Saturday, June 16, 2007

Office of Special Counsel investigating politization of Federal Civl Service

The U.S. Attorney purge was just the very tip of the program to totally politicize the federal government, using it to raise money and get Republicans elected everywhere. Once locked up, the machine that Rove was building would have left America as a one-party state in which elections mean nothing more than did the elections in the USSR or in Saddam's Iraq. Think Progress reports on the investigation now being conducted by the Office of Special Counsel into the politicization of the Federal Government.
Politicization of the federal government has been illegal for decades. The 1939 Hatch Act specifically prohibits partisan campaign or electoral activities on federal government property, including federal agencies. But in 2005, Ken Mehlman, formerly one of Bush’s top political advisers, outlined the White House’s strategy of utilizing government resources for partisan gain:

One of the things that can happen in Washington when you work in an agency is that you forget who sent you there. And it’s important to remind people that you’re George Bush people. … If there’s one empire I want built, it’s the George Bush empire. [One Party Country, p. 102]
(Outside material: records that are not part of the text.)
(* If $f:S\to T$ and $g:T\to U$ are non-degenerate nested tuple morphisms, then $L_{g\circ f}=L_g\circ L_f$.
   Context: A nested tuple (of positive integers) is either a positive integer (depth $0$) or a finite tuple $(X_1,\dots,X_r)$ of nested tuples (depth $>0$, rank $r$, modes $X_i$). Its flattening $X^\flat$ is the tuple of integer leaves read left to right; $\mathrm{len}(X)$ is its length, $\mathrm{entry}_i(X)$ its $i$-th entry, $\mathrm{size}(X)$ the product of its entries. Congruent nested tuples have the same nesting pattern. $\langle n\rangle_*=\{*,1,\dots,n\}$. A layout is $L=S:D$ with $S,D$ congruent nested tuples ($S$ positive, $D$ nonnegative); $L^\flat=S^\flat:D^\flat$. For a flat layout $(s_1,\dots,s_m):(d_1,\dots,d_m)$ its layout function $\Phi:[0,\prod s_i)\to\mathbb{Z}$ is $\Phi(x)=\sum_i x_id_i$ with $x_i=\lfloor x/(s_1\cdots s_{i-1})\rfloor \bmod s_i$; for a layout, $\Phi_L=\Phi_{L^\flat}$ and $\mathrm{size}(L)=\mathrm{size}(S)$. A flat layout is coalesced if no $s_i=1$ and $s_id_i\ne d_{i+1}$ for $1\le i<m$. A layout $L$ is coalesced if $L=1:0$, or $L$ has depth $0$ with shape $>1$, or $L$ has depth $1$, rank $>1$ and is a coalesced flat layout. A nested tuple $X'$ refines $X$ if either $X$ is an integer equal to $\mathrm{size}(X')$, or both have depth $>0$, the same rank, and each mode of $X'$ refines the corresponding mode of $X$. If $S'$ refines $S$ then $S'$ is obtained from $S$ by replacing its $i$-th leaf by a nested tuple $S'_i$ of size $\mathrm{entry}_i(S)$; for a layout $L=S':D$ its $i$-th relative mode is $S'_i:D_i$ with $D_i$ the corresponding part of $D$. $L$ is coalesced over $S$ if every relative mode is coalesced. For layouts $A,B$, the composite $B\circ A$ is the unique layout $C$ such that $\mathrm{shape}(C)$ refines $\mathrm{shape}(A)$, $C$ is coalesced over $\mathrm{shape}(A)$, the image of $\Phi_A$ lies in $[0,\mathrm{size}(B))$, and $\Phi_C=\Phi_B\circ\Phi_A$. A nested tuple morphism $f:S\to T$ is given by a pointed map $\alpha:\langle\mathrm{len}(S)\rangle_*\to\langle\mathrm{len}(T)\rangle_*$ with each $j\ne*$ having at most one preimage and $\mathrm{entry}_i(S)=\mathrm{entry}_{\alpha(i)}(T)$ whenever $\alpha(i)\ne*$. Composition of $f$ (over $\alpha$) and $g$ (over $\beta$) lies over $\beta\circ\alpha$. With $T^\flat=(t_1,\dots,t_n)$, $L_f$ has shape $S$ and stride congruent to $S$ with $i$-th flattened entry $0$ if $\alpha(i)=*$, else $\prod_{j<\alpha(i)}t_j$. $f$ is non-degenerate if $\mathrm{entry}_i(S)=1$ implies $\alpha(i)=*$. *)

theory Defs
  imports Main
begin

datatype 'a nt = Leaf 'a | Node "'a nt list"

fun flat :: "'a nt \<Rightarrow> 'a list" where
  "flat (Leaf a) = [a]"
| "flat (Node xs) = concat (map flat xs)"

definition pos_nt :: "nat nt \<Rightarrow> bool" where
  "pos_nt X \<longleftrightarrow> (\<forall>a \<in> set (flat X). 0 < a)"

definition len :: "'a nt \<Rightarrow> nat" where
  "len X = length (flat X)"

text \<open>1-based entries.\<close>
definition entry :: "nat \<Rightarrow> 'a nt \<Rightarrow> 'a" where
  "entry i X = flat X ! (i - 1)"

definition nt_size :: "nat nt \<Rightarrow> nat" where
  "nt_size X = prod_list (flat X)"

text \<open>A layout S:D with congruent S, D is represented as a single nested tuple of
  pairs (shape entry, stride entry); congruence is then automatic.\<close>
type_synonym layout = "(nat \<times> nat) nt"

definition shape :: "layout \<Rightarrow> nat nt" where
  "shape L = map_nt fst L"

definition stride :: "layout \<Rightarrow> nat nt" where
  "stride L = map_nt snd L"

definition is_layout :: "layout \<Rightarrow> bool" where
  "is_layout L \<longleftrightarrow> pos_nt (shape L)"

definition lsize :: "layout \<Rightarrow> nat" where
  "lsize L = nt_size (shape L)"

definition flat_phi :: "(nat \<times> nat) list \<Rightarrow> nat \<Rightarrow> nat" where
  "flat_phi sd x =
     (\<Sum>i<length sd. (x div prod_list (take i (map fst sd)) mod fst (sd ! i)) * snd (sd ! i))"

definition phi :: "layout \<Rightarrow> nat \<Rightarrow> nat" where
  "phi L x = flat_phi (flat L) x"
With that imperial partisanship in mind, the Bush White House has engaged in an unprecedented quest to politicize the federal government, giving briefings and PowerPoint presentations everywhere from the Interior Department to NASA on how to secure Republican victories. Said one Interior Department manager, “We were constantly being reminded about how our decisions could affect electoral results” (One Party Country, p. 103). Bush loyalists in federal agencies have also helped generate millions for favored political candidates.

This was - and is - a coup-de-etate conducted by the American right-wing extremist conservatives, both economic and religious. It is beginning to be exposed, but the exposure is mostly surface so far.